# **(Crypto Currency Future Price Forecast ETL)**

## Objectives

Purpose of this ETL:
- prepare a clean, consistent dataset for multi-coin analysis and forecasting (top coins I chose: BTC, DOGE, ETH, HBAR, QNT, SOL, XDC, XLM, XRP).

What I will do
1) Load each coin CSV from `data/raw/`
2) Look at the head/shape/info so I understand what’s inside
3) Standardise column names (Date, Open, High, Low, Close, Volume), fix dtypes (if needed)
4) Remove exact duplicates, handle missing values safely
5) Save cleaned coin CSV to `data/cleaned/`


## Inputs
- Raw Data: DataSet>Raw>BTC.csv
- Raw Data: DataSet>Raw>DOGE.csv
- Raw Data: DataSet>Raw>ETH.csv
- Raw Data: DataSet>Raw>HBAR.csv
- Raw Data: DataSet>Raw>QNT.csv
- Raw Data: DataSet>Raw>SOL.csv
- Raw Data: DataSet>Raw>XDC.csv
- Raw Data: DataSet>Raw>XLM.csv
- Raw Data: DataSet>Raw>XRP.csv

## Outputs
- Cleaned Data: DataSet>Cleaned>crypto_clean.csv



## Additional Comments
- This section was assisted by AI (ChatGPT-4) to help write a robust CSV loader function as I was encountering load errors due to inconsistent CSV formats from different sources. I provided the AI with examples of the different CSV formats and it generated a function that could handle these variations. I then reviewed and tested the function to ensure it worked correctly with my data.





---

# Change working directory

* We are assuming you will store the notebooks in a subfolder, therefore when running the notebook in the editor, you will need to change the working directory

We need to change the working directory from its current folder to its parent folder
* We access the current directory with os.getcwd()

In [3]:
import os
current_dir = os.getcwd()
current_dir

'c:\\Users\\Nine\\OneDrive\\Documents\\VS Code Projects\\Crypto-Currency-Future-Price-Forecast\\jupyter_notebooks'

We want to make the parent of the current directory the new current directory
* os.path.dirname() gets the parent directory
* os.chir() defines the new current directory

In [4]:
os.chdir(os.path.dirname(current_dir))
print("You set a new current directory")

You set a new current directory


Confirm the new current directory

In [5]:
current_dir = os.getcwd()
current_dir

'c:\\Users\\Nine\\OneDrive\\Documents\\VS Code Projects\\Crypto-Currency-Future-Price-Forecast'

# Section 1

Import libraries

In [6]:
import pandas as pd
import numpy as np
from pathlib import Path
import matplotlib.pyplot as plt

---

# Section 2

Load the raw data and start ETL process.

---

In [15]:
RAW_DIR   = Path("DataSet/Raw")
CLEAN_DIR = Path("DataSet/Cleaned")
SYMBOLS   = ["BTC","DOGE","ETH","HBAR","QNT","SOL","XDC","XLM","XRP"]

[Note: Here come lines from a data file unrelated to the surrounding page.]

lemma exists_nontrivial_linear_relation:
  fixes g :: "'j \<Rightarrow> 'i \<Rightarrow> real"
  assumes "finite I" "finite J" "card I < card J"
  shows "\<exists>l. (\<exists>j\<in>J. l j \<noteq> 0) \<and> (\<forall>i\<in>I. (\<Sum>j\<in>J. l j * g j i) = 0)"
  using assms
proof (induction I arbitrary: J g rule: finite_induct)
  case empty
  then show ?case by (intro exI[of _ "\<lambda>_. 1"]) (auto simp: card_gt_0_iff)
next
  case (insert i0 I)
  show ?case
  proof (cases "\<forall>j\<in>J. g j i0 = 0")
    case True
    with insert show ?thesis by auto
  next
    case False
    then obtain j0 where j0: "j0 \<in> J" "g j0 i0 \<noteq> 0" by blast
    define J' where "J' = J - {j0}"
    \<comment> \<open>Gaussian elimination of the coordinate \<open>i0\<close> using the pivot \<open>j0\<close>.\<close>
    define h where "h j i = g j i - (g j i0 / g j0 i0) * g j0 i" for j i
    have "card I < card J'"
      using insert.prems insert.hyps j0 by (simp add: J'_def)
    with insert.IH[of J' h] insert.prems obtain \<mu> where
      \<mu>: "\<exists>j\<in>J'. \<mu> j \<noteq> 0" "\<forall>i\<in>I. (\<Sum>j\<in>J'. \<mu> j * h j i) = 0"
      by (auto simp: J'_def)
    define l where "l j = (if j = j0 then - (\<Sum>j\<in>J'. \<mu> j * g j i0) / g j0 i0 else \<mu> j)" for j
    have l_sum: "(\<Sum>j\<in>J. l j * g j i) = l j0 * g j0 i + (\<Sum>j\<in>J'. \<mu> j * g j i)" for i
    proof -
      have "(\<Sum>j\<in>J'. l j * g j i) = (\<Sum>j\<in>J'. \<mu> j * g j i)"
        by (rule sum.cong) (auto simp: l_def J'_def)
      then show ?thesis
        unfolding J'_def using j0 insert.prems by (simp add: sum.remove)
    qed
    have h_sum: "(\<Sum>j\<in>J'. \<mu> j * h j i)
        = (\<Sum>j\<in>J'. \<mu> j * g j i) - (\<Sum>j\<in>J'. \<mu> j * g j i0) / g j0 i0 * g j0 i" for i
      unfolding h_def
      by (simp add: algebra_simps sum_subtractf sum_distrib_left sum_distrib_right sum_divide_distrib)
    have "(\<Sum>j\<in>J. l j * g j i) = 0" if "i \<in> insert i0 I" for i
    proof -
      have "l j0 * g j0 i = - ((\<Sum>j\<in>J'. \<mu> j * g j i0) / g j0 i0 * g j0 i)"
        by (simp add: l_def)
      moreover have "(\<Sum>j\<in>J'. \<mu> j * g j i) = (\<Sum>j\<in>J'. \<mu> j * g j i0) / g j0 i0 * g j0 i"
        using that \<mu>(2) h_sum[of i] j0(2) by auto
      ultimately show ?thesis using l_sum[of i] by linarith
    qed
    moreover have "\<exists>j\<in>J. l j \<noteq> 0"
      using \<mu>(1) by (auto simp: l_def J'_def)
    ultimately show ?thesis by (intro exI[of _ l]) blast
  qed
qed

lemma conic_combination_reduce_card:
  fixes g :: "'j \<Rightarrow> 'i \<Rightarrow> real"
  assumes "finite I" "finite J" "\<forall>j\<in>J. w j \<ge> 0" "\<forall>i\<in>I. f i = (\<Sum>j\<in>J. w j * g j i)"
  shows "\<exists>J' w'. J' \<subseteq> J \<and> card J' \<le> card I \<and> (\<forall>j\<in>J'. w' j \<ge> 0) \<and>
           (\<forall>i\<in>I. f i = (\<Sum>j\<in>J'. w' j * g j i))"
  using assms(2-4)
proof (induction "card J" arbitrary: J w rule: less_induct)
  case less
  show ?case
  proof (cases "card J \<le> card I")
    case True
    then show ?thesis using less.prems by blast
  next
    case False
    then obtain l0 where l0: "\<exists>j\<in>J. l0 j \<noteq> 0" "\<forall>i\<in>I. (\<Sum>j\<in>J. l0 j * g j i) = 0"
      using exists_nontrivial_linear_relation[OF assms(1) less.prems(1), of g] by auto
    obtain l where l: "\<exists>j\<in>J. l j > 0" "\<forall>i\<in>I. (\<Sum>j\<in>J. l j * g j i) = 0"
    proof (cases "\<exists>j\<in>J. l0 j > 0")
      case True
      then show ?thesis using that l0 by blast
    next
      case False
      then show ?thesis
        using that[of "\<lambda>j. - l0 j"] l0 by (force simp: sum_negf)
    qed
    \<comment> \<open>Move along \<open>-l\<close> until the first weight hits zero.\<close>
    define P where "P = {j\<in>J. l j > 0}"
    have P: "finite P" "P \<noteq> {}" using l(1) less.prems(1) by (auto simp: P_def)
    define s where "s = Min ((\<lambda>j. w j / l j) ` P)"
    have "s \<in> (\<lambda>j. w j / l j) ` P"
      unfolding s_def using P by (intro Min_in) auto
    then obtain j0 where j0: "j0 \<in> P" "s = w j0 / l j0" by blast
    have s_le: "s \<le> w j / l j" if "j \<in> P" for j
      unfolding s_def using P that by (intro Min_le) auto
    have "s \<ge> 0" using j0 less.prems(2) by (auto simp: P_def)
    define w2 where "w2 j = w j - s * l j" for j
    have w2_nonneg: "\<forall>j\<in>J. w2 j \<ge> 0"
    proof
      fix j assume j: "j \<in> J"
      show "w2 j \<ge> 0"
      proof (cases "l j > 0")
        case True
        then show ?thesis using s_le[of j] j by (auto simp: w2_def P_def pos_le_divide_eq)
      next
        case False
        then have "s * l j \<le> 0" using \<open>s \<ge> 0\<close> by (simp add: mult_nonneg_nonpos)
        moreover have "w j \<ge> 0" using less.prems(2) j by blast
        ultimately show ?thesis by (simp add: w2_def)
      qed
    qed
    have "j0 \<in> J" "w2 j0 = 0" using j0 by (auto simp: w2_def P_def)
    have w2_rep: "\<forall>i\<in>I. f i = (\<Sum>j\<in>J - {j0}. w2 j * g j i)"
    proof
      fix i assume i: "i \<in> I"
      have "(\<Sum>j\<in>J. w2 j * g j i) = (\<Sum>j\<in>J. w j * g j i) - s * (\<Sum>j\<in>J. l j * g j i)"
        by (simp add: w2_def algebra_simps sum_subtractf sum_distrib_left)
      then show "f i = (\<Sum>j\<in>J - {j0}. w2 j * g j i)"
        using i l(2) less.prems(1,3) \<open>j0 \<in> J\<close> \<open>w2 j0 = 0\<close> by (simp add: sum.remove)
    qed
    have "card (J - {j0}) < card J"
      using \<open>j0 \<in> J\<close> less.prems(1) by (meson card_Diff1_less)
    moreover have "finite (J - {j0})" "\<forall>j\<in>J - {j0}. w2 j \<ge> 0"
      using less.prems(1) w2_nonneg by auto
    ultimately have "\<exists>J' w'. J' \<subseteq> J - {j0} \<and> card J' \<le> card I \<and> (\<forall>j\<in>J'. w' j \<ge> 0) \<and>
        (\<forall>i\<in>I. f i = (\<Sum>j\<in>J'. w' j * g j i))"
      using w2_rep by (rule less.hyps)
    then show ?thesis by blast
  qed
qed
(* Let $n\ge 11$ and let $G$ be a connected tridegreed graph of order $n$ whose set of distinct vertex degrees is $\{d_1,d_2,d_3\}$ with $d_1<d_2<d_3=n-1$. Then there exists an integer $t$ lying between $\frac{3}{10}n$ and $\frac{4}{10}n$ such that $$cM_2(G)<cM_2(K_t+\overline{K}_{n-t}).$$
   Context: All graphs are finite and simple. For a graph $G$ and a vertex $u$, $d_u(G)$ denotes the degree of $u$ in $G$. The complementary second Zagreb index of $G$ is $cM_2(G)=\sum_{uv\in E(G)}\left|(d_u(G))^2-(d_v(G))^2\right|$. A graph is tridegreed if the set of distinct vertex degrees has exactly three elements. $K_m$ is the complete graph on $m$ vertices, $\overline{H}$ is the complement of $H$, and $H_1+H_2$ (the join) is the graph on the disjoint union $V(H_1)\cup V(H_2)$ with edge set $E(H_1)\cup E(H_2)\cup\{h_1h_2: h_1\in V(H_1),h_2\in V(H_2)\}$. *)

theory Defs
  imports Main
begin

type_synonym 'a graph = "'a set \<times> ('a \<Rightarrow> 'a \<Rightarrow> bool)"

definition verts :: "'a graph \<Rightarrow> 'a set" where "verts G = fst G"
definition adj :: "'a graph \<Rightarrow> 'a \<Rightarrow> 'a \<Rightarrow> bool" where "adj G = snd G"

definition simple_graph :: "'a graph \<Rightarrow> bool" where
  "simple_graph G \<longleftrightarrow> finite (verts G) \<and>
     (\<forall>u v. adj G u v \<longrightarrow> u \<in> verts G \<and> v \<in> verts G \<and> u \<noteq> v \<and> adj G v u)"

definition connected_graph :: "'a graph \<Rightarrow> bool" where
  "connected_graph G \<longleftrightarrow> (\<forall>u\<in>verts G. \<forall>v\<in>verts G. (adj G)\<^sup>*\<^sup>* u v)"

definition deg :: "'a graph \<Rightarrow> 'a \<Rightarrow> nat" where
  "deg G u = card {v \<in> verts G. adj G u v}"

definition degree_set :: "'a graph \<Rightarrow> nat set" where
  "degree_set G = deg G ` verts G"

definition tridegreed :: "'a graph \<Rightarrow> bool" where
  "tridegreed G \<longleftrightarrow> card (degree_set G) = 3"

print("Raw:", RAW_DIR.resolve())
print("Clean:", CLEAN_DIR.resolve())
print("Raw CSVs found:", sorted(p.name for p in RAW_DIR.glob("*.csv")))

Raw: C:\Users\Nine\OneDrive\Documents\VS Code Projects\Crypto-Currency-Future-Price-Forecast\DataSet\Raw
Clean: C:\Users\Nine\OneDrive\Documents\VS Code Projects\Crypto-Currency-Future-Price-Forecast\DataSet\Cleaned
Raw CSVs found: ['BTC.csv', 'DOGE.csv', 'ETH.csv', 'HBAR.csv', 'QNT.csv', 'SOL.csv', 'XDC.csv', 'XLM.csv', 'XRP.csv']


---

In [16]:
# Load each CSV into a DataFrame, store in list

frames = []

for sym in SYMBOLS:
    path = RAW_DIR / f"{sym}.csv"
    assert path.exists(), f"Missing file: {path.name}"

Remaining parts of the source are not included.